▶ _What is required_: Restate exactly, and only, the lines from the one containing "('k \<Rightarrow> 'e1::ab_group_add" through the end of the entries, keeping both endpoints.

(Exercise data begins)

(* Let $\mathfrak g\xrightarrow{\mu}\mathfrak h$ be a crossed module of Lie algebras and let $\mathfrak e_1\xrightarrow{\epsilon}\mathfrak e_0$ (with action $\mathcal L^\epsilon$), together with crossed module morphisms $(j_1,j_0):(W\xrightarrow{\phi}V)\to(\mathfrak e_1\to\mathfrak e_0)$ and $(\pi_1,\pi_0):(\mathfrak e_1\to\mathfrak e_0)\to(\mathfrak g\to\mathfrak h)$, be a 2-extension of $\mathfrak g\xrightarrow{\mu}\mathfrak h$ by $W\xrightarrow{\phi}V$. Identify $W\subseteq\mathfrak e_1$ and $V\subseteq\mathfrak e_0$ via $j_1,j_0$, and let $\sigma_0:\mathfrak h\to\mathfrak e_0$, $\sigma_1:\mathfrak g\to\mathfrak e_1$ be linear maps with $\pi_0\sigma_0=\mathrm{id}$, $\pi_1\sigma_1=\mathrm{id}$. Then the maps $$\rho_0^0(y)v=[\sigma_0(y),v]_{\mathfrak e_0},\qquad\rho_0^1(y)w=\mathcal L^\epsilon_{\sigma_0(y)}w,\qquad\rho_1(x)v=-\mathcal L^\epsilon_v\sigma_1(x)$$ ($y\in\mathfrak h$, $v\in V$, $w\in W$, $x\in\mathfrak g$) take values in $V$, $W$, $W$ respectively and define a 2-representation of $\mathfrak g\xrightarrow{\mu}\mathfrak h$ on $W\xrightarrow{\phi}V$.
   Context: A crossed module of Lie algebras consists of Lie algebras $\mathfrak g,\mathfrak h$, a Lie algebra homomorphism $\mu:\mathfrak g\to\mathfrak h$ and a Lie algebra homomorphism $\mathcal L:\mathfrak h\to\mathrm{Der}(\mathfrak g)$ with $\mu(\mathcal L_yx)=[y,\mu(x)]$ and $\mathcal L_{\mu(x_0)}x_1=[x_0,x_1]$. A morphism of crossed modules is a pair of Lie algebra homomorphisms $(f_1,f_0)$ commuting with the structure maps and satisfying $f_1(\mathcal L_yx)=\mathcal L'_{f_0(y)}f_1(x)$. A linear map $\phi:W\to V$ is regarded as a crossed module with abelian brackets and zero action. A 2-extension of $\mathfrak g\xrightarrow{\mu}\mathfrak h$ by $W\xrightarrow{\phi}V$ is a crossed module $\mathfrak e_1\xrightarrow{\epsilon}\mathfrak e_0$ with morphisms $(j_1,j_0)$, $(\pi_1,\pi_0)$ as in the claim such that $0\to W\xrightarrow{j_1}\mathfrak e_1\xrightarrow{\pi_1}\mathfrak g\to0$ and $0\to V\xrightarrow{j_0}\mathfrak e_0\xrightarrow{\pi_0}\mathfrak h\to0$ are exact. A 2-representation on $\phi$: linear maps $\rho_0^1:\mathfrak h\to\mathfrak{gl}(W)$, $\rho_0^0:\mathfrak h\to\mathfrak{gl}(V)$, $\rho_1:\mathfrak g\to\mathrm{Hom}(V,W)$ with $\rho_0^1,\rho_0^0$ Lie algebra representations, $\phi\rho_0^1(y)=\rho_0^0(y)\phi$, $\rho_1([x_0,x_1])=\rho_1(x_0)\phi\rho_1(x_1)-\rho_1(x_1)\phi\rho_1(x_0)$, $\rho_0^0(\mu(x))=\phi\rho_1(x)$, $\rho_0^1(\mu(x))=\rho_1(x)\phi$, $\rho_1(\mathcal L_yx)=\rho_0^1(y)\rho_1(x)-\rho_1(x)\rho_0^0(y)$. *)

theory Defs
  imports Main "HOL.Vector_Spaces"
begin

definition lie_algebra ::
  "('k::field \<Rightarrow> 'a::ab_group_add \<Rightarrow> 'a) \<Rightarrow> ('a \<Rightarrow> 'a \<Rightarrow> 'a) \<Rightarrow> bool" where
  "lie_algebra s br \<longleftrightarrow>
     vector_space s \<and>
     (\<forall>x. Vector_Spaces.linear s s (br x)) \<and>
     (\<forall>y. Vector_Spaces.linear s s (\<lambda>x. br x y)) \<and>
     (\<forall>x. br x x = 0) \<and>
     (\<forall>x y z. br x (br y z) + br y (br z x) + br z (br x y) = 0)"

definition lie_hom ::
  "('k::field \<Rightarrow> 'a::ab_group_add \<Rightarrow> 'a) \<Rightarrow> ('a \<Rightarrow> 'a \<Rightarrow> 'a) \<Rightarrow>
   ('k \<Rightarrow> 'b::ab_group_add \<Rightarrow> 'b) \<Rightarrow> ('b \<Rightarrow> 'b \<Rightarrow> 'b) \<Rightarrow> ('a \<Rightarrow> 'b) \<Rightarrow> bool" where
  "lie_hom sa bra sb brb f \<longleftrightarrow>
     Vector_Spaces.linear sa sb f \<and> (\<forall>x y. f (bra x y) = brb (f x) (f y))"

definition derivation ::
  "('k::field \<Rightarrow> 'a::ab_group_add \<Rightarrow> 'a) \<Rightarrow> ('a \<Rightarrow> 'a \<Rightarrow> 'a) \<Rightarrow> ('a \<Rightarrow> 'a) \<Rightarrow> bool" where
  "derivation s br D \<longleftrightarrow>
     Vector_Spaces.linear s s D \<and> (\<forall>x y. D (br x y) = br (D x) y + br x (D y))"

text \<open>A Lie algebra homomorphism h -> Der(g) (bracket of Der(g) = commutator).\<close>
definition lie_action ::
  "('k::field \<Rightarrow> 'h::ab_group_add \<Rightarrow> 'h) \<Rightarrow> ('h \<Rightarrow> 'h \<Rightarrow> 'h) \<Rightarrow>
   ('k \<Rightarrow> 'g::ab_group_add \<Rightarrow> 'g) \<Rightarrow> ('g \<Rightarrow> 'g \<Rightarrow> 'g) \<Rightarrow> ('h \<Rightarrow> 'g \<Rightarrow> 'g) \<Rightarrow> bool" where
  "lie_action sh bh sg bg L \<longleftrightarrow>
     (\<forall>y. derivation sg bg (L y)) \<and>
     (\<forall>x. Vector_Spaces.linear sh sg (\<lambda>y. L y x)) \<and>
     (\<forall>y1 y2 x. L (bh y1 y2) x = L y1 (L y2 x) - L y2 (L y1 x))"

definition crossed_module ::
  "('k::field \<Rightarrow> 'g::ab_group_add \<Rightarrow> 'g) \<Rightarrow> ('g \<Rightarrow> 'g \<Rightarrow> 'g) \<Rightarrow>
   ('k \<Rightarrow> 'h::ab_group_add \<Rightarrow> 'h) \<Rightarrow> ('h \<Rightarrow> 'h \<Rightarrow> 'h) \<Rightarrow>
   ('g \<Rightarrow> 'h) \<Rightarrow> ('h \<Rightarrow> 'g \<Rightarrow> 'g) \<Rightarrow> bool" where
  "crossed_module sg bg sh bh mu L \<longleftrightarrow>
     lie_algebra sg bg \<and> lie_algebra sh bh \<and>
     lie_hom sg bg sh bh mu \<and> lie_action sh bh sg bg L \<and>
     (\<forall>y x. mu (L y x) = bh y (mu x)) \<and>
     (\<forall>x0 x1. L (mu x0) x1 = bg x0 x1)"

definition cm_morphism ::
  "('k::field \<Rightarrow> 'g::ab_group_add \<Rightarrow> 'g) \<Rightarrow> ('g \<Rightarrow> 'g \<Rightarrow> 'g) \<Rightarrow>
   ('k \<Rightarrow> 'h::ab_group_add \<Rightarrow> 'h) \<Rightarrow> ('h \<Rightarrow> 'h \<Rightarrow> 'h) \<Rightarrow>
   ('g \<Rightarrow> 'h) \<Rightarrow> ('h \<Rightarrow> 'g \<Rightarrow> 'g) \<Rightarrow>
   ('k \<Rightarrow> 'g2::ab_group_add \<Rightarrow> 'g2) \<Rightarrow> ('g2 \<Rightarrow> 'g2 \<Rightarrow> 'g2) \<Rightarrow>
   ('k \<Rightarrow> 'h2::ab_group_add \<Rightarrow> 'h2) \<Rightarrow> ('h2 \<Rightarrow> 'h2 \<Rightarrow> 'h2) \<Rightarrow>
   ('g2 \<Rightarrow> 'h2) \<Rightarrow> ('h2 \<Rightarrow> 'g2 \<Rightarrow> 'g2) \<Rightarrow>
   ('g \<Rightarrow> 'g2) \<Rightarrow> ('h \<Rightarrow> 'h2) \<Rightarrow> bool" where
  "cm_morphism sg bg sh bh mu L sg' bg' sh' bh' mu' L' f1 f0 \<longleftrightarrow>
     lie_hom sg bg sg' bg' f1 \<and> lie_hom sh bh sh' bh' f0 \<and>
     (\<forall>x. f0 (mu x) = mu' (f1 x)) \<and>
     (\<forall>y x. f1 (L y x) = L' (f0 y) (f1 x))"

definition short_exact ::
  "('k::field \<Rightarrow> 'a::ab_group_add \<Rightarrow> 'a) \<Rightarrow> ('k \<Rightarrow> 'b::ab_group_add \<Rightarrow> 'b) \<Rightarrow>
   ('k \<Rightarrow> 'c::ab_group_add \<Rightarrow> 'c) \<Rightarrow> ('a \<Rightarrow> 'b) \<Rightarrow> ('b \<Rightarrow> 'c) \<Rightarrow> bool" where
  "short_exact sa sb sc i p \<longleftrightarrow>
     Vector_Spaces.linear sa sb i \<and> Vector_Spaces.linear sb sc p \<and>
     inj i \<and> surj p \<and> range i = {b. p b = 0}"

text \<open>A linear map phi : W -> V regarded as a crossed module: abelian brackets, zero action.\<close>
definition two_extension ::
  "('k::field \<Rightarrow> 'g::ab_group_add \<Rightarrow> 'g) \<Rightarrow> ('g \<Rightarrow> 'g \<Rightarrow> 'g) \<Rightarrow>
   ('k \<Rightarrow> 'h::ab_group_add \<Rightarrow> 'h) \<Rightarrow> ('h \<Rightarrow> 'h \<Rightarrow> 'h) \<Rightarrow>
   ('g \<Rightarrow> 'h) \<Rightarrow> ('h \<Rightarrow> 'g \<Rightarrow> 'g) \<Rightarrow>
   ('k \<Rightarrow> 'w::ab_group_add \<Rightarrow> 'w) \<Rightarrow> ('k \<Rightarrow> 'v::ab_group_add \<Rightarrow> 'v) \<Rightarrow> ('w \<Rightarrow> 'v) \<Rightarrow>
   ('k \<Rightarrow> 'e1::ab_group_add \<Rightarrow> 'e1) \<Rightarrow> ('e1 \<Rightarrow> 'e1 \<Rightarrow> 'e1) \<Rightarrow>
   ('k \<Rightarrow> 'e0::ab_group_add \<Rightarrow> 'e0) \<Rightarrow> ('e0 \<Rightarrow> 'e0 \<Rightarrow> 'e0) \<Rightarrow>
   ('e1 \<Rightarrow> 'e0) \<Rightarrow> ('e0 \<Rightarrow> 'e1 \<Rightarrow> 'e1) \<Rightarrow>
   ('w \<Rightarrow> 'e1) \<Rightarrow> ('v \<Rightarrow> 'e0) \<Rightarrow> ('e1 \<Rightarrow> 'g) \<Rightarrow> ('e0 \<Rightarrow> 'h) \<Rightarrow> bool" where
  "two_extension sg bg sh bh mu L sw sv phi se1 be1 se0 be0 eps Le j1 j0 pi1 pi0 \<longleftrightarrow>
     crossed_module se1 be1 se0 be0 eps Le \<and>
     cm_morphism sw (\<lambda>_ _. 0) sv (\<lambda>_ _. 0) phi (\<lambda>_ _. 0)
                 se1 be1 se0 be0 eps Le j1 j0 \<and>
     cm_morphism se1 be1 se0 be0 eps Le sg bg sh bh mu L pi1 pi0 \<and>
     short_exact sw se1 sg j1 pi1 \<and> short_exact sv se0 sh j0 pi0"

(Exercise data ends)

▶ _Output of the exercise_:
   ('k \<Rightarrow> 'e1::ab_group_add \<Rightarrow> 'e1) \<Rightarrow> ('e1 \<Rightarrow> 'e1 \<Rightarrow> 'e1) \<Rightarrow>
   ('k \<Rightarrow> 'e0::ab_group_add \<Rightarrow> 'e0) \<Rightarrow> ('e0 \<Rightarrow> 'e0 \<Rightarrow> 'e0) \<Rightarrow>
   ('e1 \<Rightarrow> 'e0) \<Rightarrow> ('e0 \<Rightarrow> 'e1 \<Rightarrow> 'e1) \<Rightarrow>
   ('w \<Rightarrow> 'e1) \<Rightarrow> ('v \<Rightarrow> 'e0) \<Rightarrow> ('e1 \<Rightarrow> 'g) \<Rightarrow> ('e0 \<Rightarrow> 'h) \<Rightarrow> bool" where
  "two_extension sg bg sh bh mu L sw sv phi se1 be1 se0 be0 eps Le j1 j0 pi1 pi0 \<longleftrightarrow>
     crossed_module se1 be1 se0 be0 eps Le \<and>
     cm_morphism sw (\<lambda>_ _. 0) sv (\<lambda>_ _. 0) phi (\<lambda>_ _. 0)
                 se1 be1 se0 be0 eps Le j1 j0 \<and>
     cm_morphism se1 be1 se0 be0 eps Le sg bg sh bh mu L pi1 pi0 \<and>
     short_exact sw se1 sg j1 pi1 \<and> short_exact sv se0 sh j0 pi0"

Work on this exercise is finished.